In practice, this means the goals of a manager are:
- Get everyone able to solve their problems
- Keep everything the same as much as possible
Notice that I didn’t say help people solve their problems. That’s more like doing the work. Making it so that the problems can be solved is very different. Continuity, ritual, keeping everything the same as long as you accomplish the first goal is very important too, because it provides an inherent structure and culture that people can make assumptions about and depend on. That’s why it’s so hard to make big changes like switching over to Agile. But if Agile can accomplish those 2 things in the long run then it’s worth it.
Of course, that first one’s a really doozey. The first issue is just seeing the things that will really help someone else is hard. Frequently, the easiest way to do that is to get distance and perspective from the work, which is why I try and put aside the work when I’m trying to manage and help from afar. But once you see the problems, I frequently don’t know where to start. After chasing these problems down for several years, I’ve discovered they are usually caused by larger feedback loops. Feedback loops driven by common problems shared by teams everywhere. I’ve noticed there are 3 principle that cover it all. To break these feedback loops and get people solving their problems all you need, in priority order, is:
- Laser-like Focus
Priorities is about having a hyper-clear direction, an accurate, communicated, up-to-date goals list, with everybody on the same page. All known questions accounted for and able to be set aside until answerable. Laser-like Focus is about taking each of those priorities, in order, one at a time, and knocking them out of the park. I’m talking, serious, no distractions, no bumps Focus here, full stop. Morale is about making sure that people are happy, the team is satisfied, in control and driving their work so that they can relax, support each other, and bring their best work to the table.

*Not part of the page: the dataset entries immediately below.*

(* Let $A=\sigma(R)\langle x_1,\dots,x_n\rangle$ be a quasi-commutative bijective $\sigma$-PBW extension of a left Noetherian ring $R$. Let $c_1,\dots,c_t\in R\setminus\{0\}$ and let $\mathbf X_1=X_1\mathbf e_{i_1},\dots,\mathbf X_t=X_t\mathbf e_{i_t}$ be monomials of $A^m$ (the indices $i_1,\dots,i_t\in\{1,\dots,m\}$ need not be distinct). Let $L=[c_1\mathbf X_1\ \cdots\ c_t\mathbf X_t]$ and $$\mathrm{Syz}(L)=\{(h_1,\dots,h_t)^T\in A^t:\ h_1c_1\mathbf X_1+\dots+h_tc_t\mathbf X_t=\mathbf 0\}.$$ Then $\mathrm{Syz}(L)$ has a finite generating set consisting of homogeneous syzygies.
   Context: Let $R\subseteq A$ be rings. $A$ is a $\sigma$-PBW extension of $R$, written $A=\sigma(R)\langle x_1,\dots,x_n\rangle$, if there are $x_1,\dots,x_n\in A\setminus R$ such that: (i) $A$ is a free left $R$-module with basis $\mathrm{Mon}(A)=\{x^\alpha=x_1^{\alpha_1}\cdots x_n^{\alpha_n}:\alpha\in\mathbb N^n\}$, with $x^0=1$; (ii) for every $i$ and every $r\in R\setminus\{0\}$ there is $c_{i,r}\in R\setminus\{0\}$ with $x_ir-c_{i,r}x_i\in R$; (iii) for all $i,j$ there is $c_{i,j}\in R\setminus\{0\}$ with $x_jx_i-c_{i,j}x_ix_j\in R+Rx_1+\dots+Rx_n$. There are injective ring endomorphisms $\sigma_i$ of $R$ with $x_ir=\sigma_i(r)x_i+\delta_i(r)$, where $\delta_i$ are $\sigma_i$-derivations. $A$ is quasi-commutative if $x_ir=c_{i,r}x_i$ and $x_jx_i=c_{i,j}x_ix_j$ exactly. $A$ is bijective if each $\sigma_i$ is bijective and $c_{i,j}$ is invertible for $i<j$. $\mathrm{Mon}(A)$ carries a monomial order, i.e. a total order $\succeq$ with: - $x^\beta\succeq x^\alpha\Rightarrow lm(x^\gamma x^\beta x^\lambda)\succeq lm(x^\gamma x^\alpha x^\lambda)$; - $x^\alpha\succeq1$; - degree compatibility. $lm$ denotes the leading monomial; $lm(x^\alpha x^\beta)=x^{\alpha+\beta}$. $A^m$ is the free left $A$-module of column vectors with canonical basis $\mathbf e_1,\dots,\mathbf e_m$. Monomials of $A^m$ are $X\mathbf e_i$ with $X\in\mathrm{Mon}(A)$. A term of $A$ is an element $cx^\alpha$ with $c\in R$. A syzygy $\mathbf h=(h_1,\dots,h_t)^T\in\mathrm{Syz}(L)$ is homogeneous of degree $\mathbf X=X\mathbf e_i$ ($X\in\mathrm{Mon}(A)$) if: - each $h_j$ is a term; - for each $j$, either $h_j=0$ or $lm(lm(h_j)\mathbf X_j)=\mathbf X$, where $lm(x^\gamma\cdot x^\alpha\mathbf e_i)=x^{\gamma+\alpha}\mathbf e_i$. *)

theory Defs
  imports Main
begin

text \<open>The ring A is modelled as the whole type 'a (a possibly noncommutative ring_1),
  R as a subset of it. Variables x_1..x_n are x 0, ..., x (n-1).\<close>

definition subring :: "'a::ring_1 set \<Rightarrow> bool" where
  "subring R \<longleftrightarrow> 0 \<in> R \<and> 1 \<in> R \<and> (\<forall>a\<in>R. \<forall>b\<in>R. a + b \<in> R \<and> a * b \<in> R \<and> - a \<in> R)"

definition Exps :: "nat \<Rightarrow> (nat \<Rightarrow> nat) set" where
  "Exps n = {\<alpha>. \<forall>i\<ge>n. \<alpha> i = 0}"

definition mono :: "(nat \<Rightarrow> 'a::ring_1) \<Rightarrow> nat \<Rightarrow> (nat \<Rightarrow> nat) \<Rightarrow> 'a" where
  "mono x n \<alpha> = prod_list (map (\<lambda>i. x i ^ \<alpha> i) [0..<n])"

definition left_ideal_of :: "'a::ring_1 set \<Rightarrow> 'a set \<Rightarrow> bool" where
  "left_ideal_of R I \<longleftrightarrow> I \<subseteq> R \<and> 0 \<in> I \<and> (\<forall>a\<in>I. \<forall>b\<in>I. a + b \<in> I) \<and>
     (\<forall>r\<in>R. \<forall>a\<in>I. r * a \<in> I)"

definition left_noetherian :: "'a::ring_1 set \<Rightarrow> bool" where
  "left_noetherian R \<longleftrightarrow> (\<forall>I. left_ideal_of R I \<longrightarrow>
     (\<exists>F. finite F \<and> F \<subseteq> I \<and> I = {\<Sum>f\<in>F. r f * f | r. \<forall>f\<in>F. r f \<in> R}))"

definition sigma_PBW :: "'a::ring_1 set \<Rightarrow> nat \<Rightarrow> (nat \<Rightarrow> 'a) \<Rightarrow> bool" where
  "sigma_PBW R n x \<longleftrightarrow> subring R \<and>
     (\<forall>i<n. x i \<notin> R) \<and>
     \<comment> \<open>(i) Mon(A) is a basis of A as a free left R-module\<close>
     (\<forall>a. \<exists>c. (\<forall>\<alpha>. c \<alpha> \<in> R) \<and> finite {\<alpha>. c \<alpha> \<noteq> 0} \<and> {\<alpha>. c \<alpha> \<noteq> 0} \<subseteq> Exps n \<and>
            a = (\<Sum>\<alpha>\<in>{\<alpha>. c \<alpha> \<noteq> 0}. c \<alpha> * mono x n \<alpha>)) \<and>
     (\<forall>c. (\<forall>\<alpha>. c \<alpha> \<in> R) \<and> finite {\<alpha>. c \<alpha> \<noteq> 0} \<and> {\<alpha>. c \<alpha> \<noteq> 0} \<subseteq> Exps n \<and>
            (\<Sum>\<alpha>\<in>{\<alpha>. c \<alpha> \<noteq> 0}. c \<alpha> * mono x n \<alpha>) = 0 \<longrightarrow> (\<forall>\<alpha>. c \<alpha> = 0)) \<and>
     \<comment> \<open>(ii)\<close>
     (\<forall>i<n. \<forall>r\<in>R - {0}. \<exists>c\<in>R - {0}. x i * r - c * x i \<in> R) \<and>
     \<comment> \<open>(iii)\<close>
     (\<forall>i<n. \<forall>j<n. \<exists>c\<in>R - {0}. \<exists>r0\<in>R. \<exists>r. (\<forall>k<n. r k \<in> R) \<and>
            x j * x i - c * x i * x j = r0 + (\<Sum>k<n. r k * x k))"

definition quasi_commutative :: "'a::ring_1 set \<Rightarrow> nat \<Rightarrow> (nat \<Rightarrow> 'a) \<Rightarrow> bool" where
  "quasi_commutative R n x \<longleftrightarrow>
     (\<forall>i<n. \<forall>r\<in>R - {0}. \<exists>c\<in>R - {0}. x i * r = c * x i) \<and>
     (\<forall>i<n. \<forall>j<n. \<exists>c\<in>R - {0}. x j * x i = c * x i * x j)"

text \<open>Bijective: each sigma_i (determined by x_i r - sigma_i(r) x_i in R, unique by (i)) is
  bijective on R, and each c_{i,j} (i<j) is invertible in R.\<close>
definition bijective_PBW :: "'a::ring_1 set \<Rightarrow> nat \<Rightarrow> (nat \<Rightarrow> 'a) \<Rightarrow> bool" where
  "bijective_PBW R n x \<longleftrightarrow>
     (\<forall>i<n. \<exists>\<sigma>. bij_betw \<sigma> R R \<and> (\<forall>r\<in>R. x i * r - \<sigma> r * x i \<in> R)) \<and>
     (\<forall>i j. i < j \<and> j < n \<longrightarrow> (\<forall>c\<in>R - {0}.
        (\<exists>r0\<in>R. \<exists>r. (\<forall>k<n. r k \<in> R) \<and> x j * x i - c * x i * x j = r0 + (\<Sum>k<n. r k * x k))
        \<longrightarrow> (\<exists>d\<in>R. c * d = 1 \<and> d * c = 1)))"

text \<open>Vectors of A^t as functions nat => 'a vanishing from index t on.
  The generators are L = [c_1 X_1 ... c_t X_t] with X_j = x^(alpha j) e_(idx j)
  (0-based indices, idx j < m).  lin_comb gives h_1 c_1 X_1 + ... + h_t c_t X_t in A^m.\<close>
definition lin_comb :: "(nat \<Rightarrow> 'a::ring_1) \<Rightarrow> nat \<Rightarrow> nat \<Rightarrow> (nat \<Rightarrow> 'a) \<Rightarrow> (nat \<Rightarrow> nat \<Rightarrow> nat)
     \<Rightarrow> (nat \<Rightarrow> nat) \<Rightarrow> (nat \<Rightarrow> 'a) \<Rightarrow> (nat \<Rightarrow> 'a)" where
  "lin_comb x n t c alpha idx h =
     (\<lambda>k. \<Sum>j<t. h j * (c j * (if idx j = k then mono x n (alpha j) else 0)))"

definition Syz :: "(nat \<Rightarrow> 'a::ring_1) \<Rightarrow> nat \<Rightarrow> nat \<Rightarrow> (nat \<Rightarrow> 'a) \<Rightarrow> (nat \<Rightarrow> nat \<Rightarrow> nat)
     \<Rightarrow> (nat \<Rightarrow> nat) \<Rightarrow> (nat \<Rightarrow> 'a) set" where
  "Syz x n t c alpha idx = {h. (\<forall>j\<ge>t. h j = 0) \<and> lin_comb x n t c alpha idx h = (\<lambda>k. 0)}"

text \<open>h is homogeneous of degree x^beta e_k: each h_j is a term r x^gamma, and if h_j \<noteq> 0
  then lm(lm(h_j) X_j) = x^(gamma + alpha_j) e_(idx j) = x^beta e_k.\<close>
definition homogeneous_of_degree :: "'a::ring_1 set \<Rightarrow> (nat \<Rightarrow> 'a) \<Rightarrow> nat \<Rightarrow> nat
     \<Rightarrow> (nat \<Rightarrow> nat \<Rightarrow> nat) \<Rightarrow> (nat \<Rightarrow> nat) \<Rightarrow> (nat \<Rightarrow> nat) \<Rightarrow> nat \<Rightarrow> (nat \<Rightarrow> 'a) \<Rightarrow> bool" where
  "homogeneous_of_degree R x n t alpha idx \<beta> k h \<longleftrightarrow>
     (\<forall>j<t. (\<exists>r\<in>R. \<exists>\<gamma>\<in>Exps n. h j = r * mono x n \<gamma>) \<and>
            (h j = 0 \<or> (\<exists>r\<in>R. \<exists>\<gamma>\<in>Exps n. h j = r * mono x n \<gamma> \<and> r \<noteq> 0 \<and>
                          idx j = k \<and> (\<lambda>i. \<gamma> i + alpha j i) = \<beta>)))"

definition homogeneous_syz :: "'a::ring_1 set \<Rightarrow> (nat \<Rightarrow> 'a) \<Rightarrow> nat \<Rightarrow> nat \<Rightarrow> nat
     \<Rightarrow> (nat \<Rightarrow> nat \<Rightarrow> nat) \<Rightarrow> (nat \<Rightarrow> nat) \<Rightarrow> (nat \<Rightarrow> 'a) \<Rightarrow> bool" where
  "homogeneous_syz R x n m t alpha idx h \<longleftrightarrow>
     (\<exists>\<beta>\<in>Exps n. \<exists>k<m. homogeneous_of_degree R x n t alpha idx \<beta> k h)"

end

theory Submission
  imports Defs
begin

text \<open>
  In a quasi-commutative bijective extension each monomial x^\<gamma> skew-commutes with R through a
  bijection of R that preserves units, and x^\<gamma> x^\<alpha> = u x^(\<gamma>+\<alpha>) with u a unit of R.
  Consequently the part of a syzygy of each degree x^\<beta> e_k is again a syzygy, so it suffices
  to generate the homogeneous syzygies. A homogeneous syzygy of degree x^\<beta> e_k is
  x^(\<beta>-\<beta>') times one of degree x^\<beta>' e_k, where \<beta>' is the least common multiple of the
  exponents alpha j that divide \<beta> and belong to the component k; only finitely many \<beta>'
  occur. For a fixed degree, the homogeneous syzygies are determined by their coefficient
  vectors, which form a left R-submodule of R^t, finitely generated since R is left Noetherian.
\<close>

section \<open>Finitely generated submodules of R^J\<close>

definition lcomb :: "(('i \<Rightarrow> 'a) \<Rightarrow> 'a) \<Rightarrow> ('i \<Rightarrow> 'a) set \<Rightarrow> 'i \<Rightarrow> 'a::semiring_0" where
  "lcomb r F = (\<lambda>j. \<Sum>f\<in>F. r f * f j)"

It’s really seems that simple. I can’t say it’s the best solution, or that it will solve everything, but each time teams get a handle on these goals things just seem to magically come together. Each principle supports the others, jelled teams form and stop asking questions, grabbing at random tasks, and instead start knocking work out of the park. Take a look at this comment thread of stalled Interactive Fiction projects. One-person teams, all running into this same set of 3 problems. Look at Getting Things Done, which proposes a system to target these exact same goals. Hitting those 3 principle while staying consistent and working inside the classic 3 business constraints of time, money, and quality just seems to be the formula for success. I use these every day even in my personal life, and it has not only helped me get things done, it has also helped me figure out where I’ve gone wrong. But for a bigger team it takes full-time dedicated people, hard day-after-day work to actually shape these up. True managers, not just leads or producers, who consistently prioritize, focus, and love fixing this problem – helping people work.